(DATA SHOWN)
lemma array_weight_enum_eq_sum:
  assumes "finite C"
  shows "array_weight_enum m n C z = (\<Sum>X\<in>C. z ^ array_weight m n X)"
proof -
  have "(\<Sum>X\<in>C. z ^ array_weight m n X) =
      (\<Sum>i\<in>{0..m * n}. \<Sum>X\<in>{X \<in> C. array_weight m n X = i}. z ^ array_weight m n X)"
    using assms array_weight_le by (intro sum.group[symmetric]) auto
  then show ?thesis by (simp add: array_weight_enum_def)
qed

lemma product_code_eq_syndrome_arrays: "product_code m n C = syndrome_arrays m n C (\<lambda>_. False)"
proof -
  have arrays: "(\<forall>r j. \<not> (r < m \<and> j < n) \<longrightarrow> \<not> X r j) \<longleftrightarrow> X \<in> arrays m n" for X
    by (auto simp: arrays_def)
  have "(\<lambda>r. X r j) \<in> spc_code m \<longleftrightarrow> \<not> col_parity m X j" if "X \<in> arrays m n" for X j
  proof -
    have "(\<lambda>r. X r j) \<in> bvecs m"
      unfolding bvecs_def
    proof (intro CollectI allI impI)
      fix r assume "m \<le> r"
      then show "\<not> X r j" using arraysD[OF that] by fastforce
    qed
    then show ?thesis by (simp add: spc_code_def hamming_weight_def col_parity_def)
  qed
  then show ?thesis
    unfolding product_code_def syndrome_arrays_def arrays by auto
qed

theorem theorem3:
  fixes k1 n1 \<nu> :: nat and G :: "nat \<Rightarrow> nat \<Rightarrow> bool" and z :: real
  assumes "systematic k1 n1 G"
  shows "array_weight_enum \<nu> n1 (product_code \<nu> n1 (lin_code k1 n1 G)) z =
    (1 / 2 ^ k1) * (\<Sum>v\<in>bvecs k1.
        (\<Sum>u\<in>bvecs k1. (-1) ^ dotp k1 u v * z ^ hamming_weight n1 (encode k1 n1 G u)) ^ \<nu>)"
proof -
  have "array_weight_enum \<nu> n1 (product_code \<nu> n1 (lin_code k1 n1 G)) z =
      syndrome_enum \<nu> n1 (lin_code k1 n1 G) (encode k1 n1 G (\<lambda>_. False)) z"
    by (simp add: array_weight_enum_eq_sum product_code_eq_syndrome_arrays finite_syndrome_arrays
        syndrome_enum_def encode_zero)
  also have "\<dots> = (1 / 2 ^ k1) *
      (\<Sum>v\<in>bvecs k1. (-1) ^ dotp k1 (\<lambda>_. False) v * hadamard_weight_enum k1 n1 G z v ^ \<nu>)"
    by (rule syndrome_enum_encode[OF inj_on_encode_systematic[OF assms]]) (simp add: bvecs_def)
  finally show ?thesis by (simp add: dotp_def hadamard_weight_enum_def)
qed

end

(TASK DIRECTIONS) Wherever a line in the entries holds "have", copy that line.

(RESPONSE)
  have "(\<Sum>X\<in>C. z ^ array_weight m n X) =
  have arrays: "(\<forall>r j. \<not> (r < m \<and> j < n) \<longrightarrow> \<not> X r j) \<longleftrightarrow> X \<in> arrays m n" for X
  have "(\<lambda>r. X r j) \<in> spc_code m \<longleftrightarrow> \<not> col_parity m X j" if "X \<in> arrays m n" for X j
    have "(\<lambda>r. X r j) \<in> bvecs m"
  have "array_weight_enum \<nu> n1 (product_code \<nu> n1 (lin_code k1 n1 G)) z =
  also have "\<dots> = (1 / 2 ^ k1) *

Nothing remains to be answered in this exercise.